FOI 1a CERAMICS, LOI 7d PLAYED FALSE, where I didn’t recognise either definition. Grateful to the scripts for A Bit of Fry and Laurie I read as a youngster for introducing me to 5a VOX POP. Enjoyed quite a few along the way, including 19a SHELLAC’s tricksy definition, and 26d’s device, though I need to write “1 is not a prime number” on the board a hundred times for the future…
One of their production team used to be a tenant of my father’s back in the day. Once he threw away a load of their typewritten draft scripts and Dad found them while he was at the property one day and gave them to me. I think I still have them in my loft somewhere but had forgotten about them. Does anybody know if stuff like that might be worth anything? And if so any idea how much?
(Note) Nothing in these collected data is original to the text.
lemma emp_quantile_less_iff:
  assumes "0 < \<beta>" "\<beta> \<le> 1" "ts \<noteq> []"
  shows "emp_quantile \<beta> ts < c \<longleftrightarrow> \<beta> \<le> frac_below c ts"
proof -
  define n where "n = length ts"
  define below where "below = length (filter (\<lambda>t. t < c) ts)"
  define k where "k = nat \<lceil>\<beta> * n\<rceil>"
  have n: "0 < n" using assms(3) by (simp add: n_def)
  have "0 < \<beta> * n" "\<beta> * n \<le> n"
    using assms n by (simp_all add: mult_le_cancel_right1)
  then have k: "1 \<le> k" "k \<le> n"
    unfolding k_def by (linarith, simp add: ceiling_le_iff)
  have "emp_quantile \<beta> ts < c \<longleftrightarrow> sort ts ! (k - 1) < c"
    by (simp add: emp_quantile_def k_def n_def)
  also have "\<dots> \<longleftrightarrow> k - 1 < below"
    using sorted_nth_less_iff_less_length_filter[of "sort ts" "k - 1" c] k
    by (simp add: n_def below_def filter_sort)
  also have "\<dots> \<longleftrightarrow> k \<le> below"
    using k(1) by linarith
  also have "\<dots> \<longleftrightarrow> \<beta> * n \<le> below"
    unfolding k_def by (simp add: nat_le_iff ceiling_le_iff)
  also have "\<dots> \<longleftrightarrow> \<beta> \<le> frac_below c ts"
    using n by (simp add: frac_below_def n_def below_def pos_le_divide_eq)
  finally show ?thesis .
qed

lemma emp_quantile_tendsto_if_frac_below:
  fixes ts :: "nat \<Rightarrow> real list" and a b :: "nat \<Rightarrow> real"
  assumes \<beta>: "0 < \<beta>" "\<beta> \<le> 1"
    and nonempty: "eventually (\<lambda>m. ts m \<noteq> []) sequentially"
    and a: "a \<longlonglongrightarrow> t" and b: "b \<longlonglongrightarrow> t"
    and below_a: "\<And>n. eventually (\<lambda>m. frac_below (a n) (ts m) < \<beta>) sequentially"
    and below_b: "\<And>n. eventually (\<lambda>m. \<beta> \<le> frac_below (b n) (ts m)) sequentially"
  shows "(\<lambda>m. emp_quantile \<beta> (ts m)) \<longlonglongrightarrow> t"
proof (rule order_tendstoI)
  fix l assume "l < t"
  then obtain n where n: "l < a n"
    using order_tendstoD(1)[OF a] by (auto simp: eventually_sequentially)
  from nonempty below_a[of n] show "eventually (\<lambda>m. l < emp_quantile \<beta> (ts m)) sequentially"
  proof eventually_elim
    case (elim m)
    then show ?case using n emp_quantile_less_iff[OF \<beta>, of "ts m" "a n"] by auto
  qed
next
  fix u assume "t < u"
  then obtain n where n: "b n < u"
    using order_tendstoD(2)[OF b] by (auto simp: eventually_sequentially)
  from nonempty below_b[of n] show "eventually (\<lambda>m. emp_quantile \<beta> (ts m) < u) sequentially"
  proof eventually_elim
    case (elim m)
    then show ?case using n emp_quantile_less_iff[OF \<beta>, of "ts m" "b n"] by auto
  qed
qed

lemma frac_below_map_upt:
  "frac_below c (map v [1..<Suc m]) = (\<Sum>i=1..m. indicator {..<c} (v i)) / m"
proof -
  have "real (length (filter (\<lambda>t. t < c) (map v [1..<Suc m]))) = (\<Sum>i=1..m. indicator {..<c} (v i))"
    by (induction m) (auto simp: indicator_def)
  then show ?thesis by (simp add: frac_below_def)
qed

lemma (in prob_space) AE_eventually_sum_deviation_less:
  fixes Z :: "nat \<Rightarrow> 'a \<Rightarrow> real" and a b p \<epsilon> :: real
  assumes indep: "indep_vars (\<lambda>_. borel) Z {1..}"
    and bounded: "\<And>i. i \<ge> 1 \<Longrightarrow> AE \<omega> in M. Z i \<omega> \<in> {a..b}"
    and mean: "\<And>i. i \<ge> 1 \<Longrightarrow> expectation (Z i) = p"
    and "a < b" "\<epsilon> > 0"
  shows "AE \<omega> in M. eventually (\<lambda>m. \<bar>(\<Sum>i=1..m. Z i \<omega>) - m * p\<bar> < m * \<epsilon>) sequentially"
proof -
  define A where "A m = {\<omega>\<in>space M. m * \<epsilon> \<le> \<bar>(\<Sum>i=1..m. Z i \<omega>) - m * p\<bar>}" for m
  define r where "r = exp (-2 * \<epsilon>\<^sup>2 / (b - a)\<^sup>2)"
  have [measurable]: "i \<ge> 1 \<Longrightarrow> random_variable borel (Z i)" for i
    using indep unfolding indep_vars_def by auto
  have [measurable]: "A m \<in> sets M" for m
    unfolding A_def by measurable
  have tail: "prob (A m) \<le> 2 * r ^ m" for m
  proof (cases "m = 0")
    case True
    then show ?thesis using prob_le_1[of "A 0"] by (simp del: prob_le_1)
  next
    case False
    interpret Hoeffding_ineq M "{1..m}" Z "\<lambda>_. a" "\<lambda>_. b" "m * p"
    proof unfold_locales
      show "indep_vars (\<lambda>_. borel) Z {1..m}"
        by (rule indep_vars_subset[OF indep]) auto
      show "AE \<omega> in M. Z i \<omega> \<in> {a..b}" if "i \<in> {1..m}" for i
        using bounded that by simp
    qed (simp_all add: mean)
    have "prob (A m) \<le> 2 * exp (-2 * (m * \<epsilon>)\<^sup>2 / (\<Sum>i\<in>{1..m}. (b - a)\<^sup>2))"
      using Hoeffding_ineq_abs_ge[of "m * \<epsilon>"] False \<open>a < b\<close> \<open>\<epsilon> > 0\<close> by (simp add: A_def)
    also have "-2 * (m * \<epsilon>)\<^sup>2 / (\<Sum>i\<in>{1..m}. (b - a)\<^sup>2) = m * (-2 * \<epsilon>\<^sup>2 / (b - a)\<^sup>2)"
      using False \<open>a < b\<close> by (simp add: power_mult_distrib power2_eq_square)
    also have "exp (m * (-2 * \<epsilon>\<^sup>2 / (b - a)\<^sup>2)) = r ^ m"
      unfolding r_def by (rule exp_of_nat_mult)
    finally show ?thesis .
  qed
  have "r < 1"
    using \<open>a < b\<close> \<open>\<epsilon> > 0\<close> by (simp add: r_def)
  then have "summable (\<lambda>m. 2 * r ^ m)"
    by (simp add: r_def)
  then have "summable (\<lambda>m. prob (A m))"
    by (rule summable_comparison_test'[where N=0]) (use tail in auto)
  then have "AE \<omega> in M. eventually (\<lambda>m. \<omega> \<in> space M - A m) sequentially"
    by (intro borel_cantelli_AE1) (auto simp: emeasure_eq_measure)
  then show ?thesis
    by (rule eventually_mono) (auto elim!: eventually_mono simp: A_def)
qed

lemma (in prob_space) AE_average_tendsto_indep_bounded:
  fixes Z :: "nat \<Rightarrow> 'a \<Rightarrow> real" and a b p :: real
  assumes indep: "indep_vars (\<lambda>_. borel) Z {1..}"
    and bounded: "\<And>i. i \<ge> 1 \<Longrightarrow> AE \<omega> in M. Z i \<omega> \<in> {a..b}"
    and mean: "\<And>i. i \<ge> 1 \<Longrightarrow> expectation (Z i) = p"
    and "a < b"
  shows "AE \<omega> in M. (\<lambda>m. (\<Sum>i=1..m. Z i \<omega>) / m) \<longlonglongrightarrow> p"
proof -
  have "AE \<omega> in M. \<forall>n. eventually
      (\<lambda>m. \<bar>(\<Sum>i=1..m. Z i \<omega>) - m * p\<bar> < m * inverse (Suc n)) sequentially"
    using AE_eventually_sum_deviation_less[OF assms] by (simp add: AE_all_countable)
  then show ?thesis
  proof (rule eventually_mono)
    fix \<omega>
    assume dev: "\<forall>n. eventually (\<lambda>m. \<bar>(\<Sum>i=1..m. Z i \<omega>) - m * p\<bar> < m * inverse (Suc n)) sequentially"
    show "(\<lambda>m. (\<Sum>i=1..m. Z i \<omega>) / m) \<longlonglongrightarrow> p"
    proof (rule tendstoI)
      fix r :: real assume "r > 0"
      then obtain n where n: "inverse (Suc n) < r"
        using reals_Archimedean by blast
      from dev[rule_format, of n] eventually_gt_at_top[of 0]
      show "eventually (\<lambda>m. dist ((\<Sum>i=1..m. Z i \<omega>) / m) p < r) sequentially"
      proof eventually_elim
        case (elim m)
        then have "dist ((\<Sum>i=1..m. Z i \<omega>) / m) p = \<bar>(\<Sum>i=1..m. Z i \<omega>) - m * p\<bar> / m"
          by (simp add: dist_real_def field_simps)
        also have "\<dots> < inverse (Suc n)"
          using elim by (simp add: divide_less_eq mult.commute)
        finally show ?case using n by simp
      qed
    qed
  qed
qed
Now the Deutschmark’s getting dearer.”
Not quite an 80:20 experience, but I completed the left side in about 6 minutes, the NE corner took a further 2 minutes, and I got stuck at 14D 4 minutes later. Why that one took about three minutes to crack, I really can’t explain.
FOI CERAMICS
LOI ENVELOPING
COD GRAND OPERA
SILVER MEDAL TANKFUL
TIME 14:55
I’ll freely admit to not wholly parsing 22a, 25a and 3d, but then I’m not blogging today and can safely leave such niceties (with thanks) to Verlaine, who after all has much more time left than my 16.24 allowed.
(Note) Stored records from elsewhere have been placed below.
(* Let $n\ge1$, $\gamma>0$, and let $g_i,f_j:[0,1]\to[0,\infty)$, $i,j=1,\dots,n$, be $\mathcal C^1$ functions. Consider the system $$\dot{x}_i = -x_i g_i(x_i)\sum_{j=1}^n f_j(y_j)y_j,\qquad \dot{y}_i = x_i g_i(x_i)\sum_{j=1}^n f_j(y_j)y_j-\gamma y_i,\qquad i=1,\dots,n,$$ with initial condition $(x(0),y(0))\in\mathcal S=\{(x,y)\in[0,1]^{2n}:x+y\le\mathbf 1\}$ satisfying $\mathbf 0\lneq x(0)\le\mathbf 1-y(0)\lneq\mathbf 1$. Assume that $g(x)>\mathbf 0$ and $f(y)>\mathbf 0$ for all $(x,y)\in\mathcal S$, that $x_i\mapsto x_ig_i(x_i)$ is increasing for every $i$, and that $y_j\mapsto f_j(y_j)y_j$ is increasing and concave for every $j$. Let $\bar y(t)=\sum_{j=1}^n f_j(y_j(t))\,y_j(t)$. Then: (i) if $\dot{\bar y}(0)\le 0$, then $\bar y(t)$ is strictly decreasing for $t\ge0$; (ii) if $\dot{\bar y}(0)>0$, then there exists $\hat t>0$ such that $\bar y(t)$ is strictly increasing on $[0,\hat t]$ and strictly decreasing on $[\hat t,+\infty)$.
   Context: Vector inequalities are entrywise: $u\le v$ means $u_i\le v_i$ for all $i$, $u<v$ means $u_i<v_i$ for all $i$, and $u\lneq v$ means $u\le v$ with $u_j<v_j$ for some $j$. $g(x)$ denotes the vector $(g_1(x_1),\dots,g_n(x_n))$ and $f(y)$ the vector $(f_1(y_1),\dots,f_n(y_n))$. The system is the network SIR model with rank-one interaction matrix $A_{ij}(x,y)=g_i(x_i)f_j(y_j)$. *)

theory Defs
  imports "HOL-Analysis.Analysis"
begin

definition C1_on_unit :: "(real \<Rightarrow> real) \<Rightarrow> bool" where
  "C1_on_unit h \<longleftrightarrow> (\<exists>h'. continuous_on {0..1} h' \<and>
      (\<forall>s\<in>{0..1}. (h has_real_derivative h' s) (at s within {0..1})))"

text \<open>The state space S = {(x,y) in [0,1]^(2n) : x + y <= 1}; vectors are functions on nat,
  only the indices below n matter.\<close>
definition S_set :: "nat \<Rightarrow> ((nat \<Rightarrow> real) \<times> (nat \<Rightarrow> real)) set" where
  "S_set n = {(x, y). \<forall>i<n. 0 \<le> x i \<and> x i \<le> 1 \<and> 0 \<le> y i \<and> y i \<le> 1 \<and> x i + y i \<le> 1}"

definition ybar :: "nat \<Rightarrow> (nat \<Rightarrow> real \<Rightarrow> real) \<Rightarrow> (nat \<Rightarrow> real) \<Rightarrow> real" where
  "ybar n f y = (\<Sum>j<n. f j (y j) * y j)"

end

theory Submission
  imports Defs
begin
VOX POP first in so NE held no problems for me. My LOI was SCRAWL where I had a brain freeze, and ENVELOPING where all I could see that fitted was UNBECOMING which wasn’t it and took a while to see the traces bit
David
Time 33 mins
FOI 1ac CERAMICS
LOI 5ac VOX POP (ad-speak version)
COD 17ac TANKFUL
WOD 19acv SHELLAC – also good as a verb – a right shellacking (Or. prison/political slang)
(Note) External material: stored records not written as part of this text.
lemma holds_if_solvable:
  assumes bal: "balanced_in p q n" and "problem_solvable p q (1::'a)"
  shows "holds_in_module p q n M madd z sm"
  unfolding holds_in_module_def
proof (intro allI impI subsetI)
  let ?T = "etail p" and ?H = "ehead p"
  fix B u assume B: "\<forall>i\<in>{1..n}. submodule M madd z sm (B i)" and u: "u \<in> lev madd B p"
  from bal have dp: "distinct (vars p)" and dq: "distinct (vars q)"
    and vars: "set (vars p) = {1..n}" "set (vars q) = {1..n}"
    by (auto simp: balanced_in_def)
  from assms(2) obtain a where a: "is_solution p q (1::'a) a" by (auto simp: problem_solvable_def)
  obtain w where w: "\<forall>v. w v \<in> M" "w 0 = z" "w 1 = madd z u"
    and rise: "\<forall>i\<in>set (vars p). \<exists>c\<in>B i. w (?H i) = madd (w (?T i)) c"
    using potential_of_lev[OF bld_agrees_graph[OF dp] _ _ _ _ u zero_closed] B vars by auto
  then obtain c where c: "\<forall>i\<in>set (vars p). c i \<in> B i \<and> w (?H i) = madd (w (?T i)) (c i)"
    by metis
  have cM: "c i \<in> M" if "i \<in> set (vars p)" for i
    using c B vars that submodule_closed by blast
  have "msum (\<lambda>j. sm (a j) (c j)) A = u" if A: "A \<in> st_paths q" for A
  proof -
    have A_sub: "A \<subseteq> set (vars p)" using st_paths_subset_vars[OF A] vars by simp
    from A a maxpath_edge_sets[OF dq] have "\<forall>v<gnv p. Eff p a A v = Tr 1 v"
      by (auto simp: is_solution_def)
    then have flow: "\<forall>v\<in>{..<gnv p}. (\<Sum>i\<in>{i\<in>A. ?H i = v}. a i) - (\<Sum>i\<in>{i\<in>A. ?T i = v}. a i) =
        (if v = 0 then - 1 else if v = 1 then 1 else 0)"
      by (simp add: Eff_def Tr_def gsrc_def gsnk_def)
    have "1 < gnv p" using bld_fresh_ge[of 2 p 0 1] by (simp add: gnv_def)
    have "?T ` A \<subseteq> {..<gnv p}" "?H ` A \<subseteq> {..<gnv p}"
      using graph_edge_ends[OF dp] A_sub by auto
    then have "madd (sm 1 (w 0)) (msum (\<lambda>j. sm (a j) (c j)) A) = sm 1 (w 1)"
      using flow_sum_telescopes[OF _ _ _ _ _ _ _ flow] \<open>1 < gnv p\<close> w(1) c cM A_sub
        finite_subset[OF A_sub]
      by (auto simp: subset_iff)
    moreover have "msum (\<lambda>j. sm (a j) (c j)) A \<in> M"
      using cM A_sub by (intro finsum_closed) (auto simp: Pi_def sm_closed)
    ultimately show ?thesis
      using w u lev_closed[of p B] B vars by (simp add: sm_one)
  qed
  moreover have "\<forall>j\<in>set (vars q). sm (a j) (c j) \<in> B j"
    using c B vars by (auto simp: submodule_def)
  ultimately show "u \<in> lev madd B q"
    using lev_if_path_sums[OF dq] B vars by auto
qed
Took a long time … over the hour … but a lot of distractions for the first part of it. Struck out with OWED (O and d) and failed to pick up on the pangram – still not expecting them in the Times puzzles for some reason.
Had written in CABINET MINISTER without properly parsing it … hmmm.
ROE was the first one in and like others ENVELOPING was the last … had LOPING as the ‘running off’ at first, but eventually twigged to the ENV bit and added the other E to the other ‘running off’.
Saw the JETS part of 18d quite quickly, so getting the rest of it wasn’t too hard.
Did like TANKFUL and thought NAIVE was quite good as well.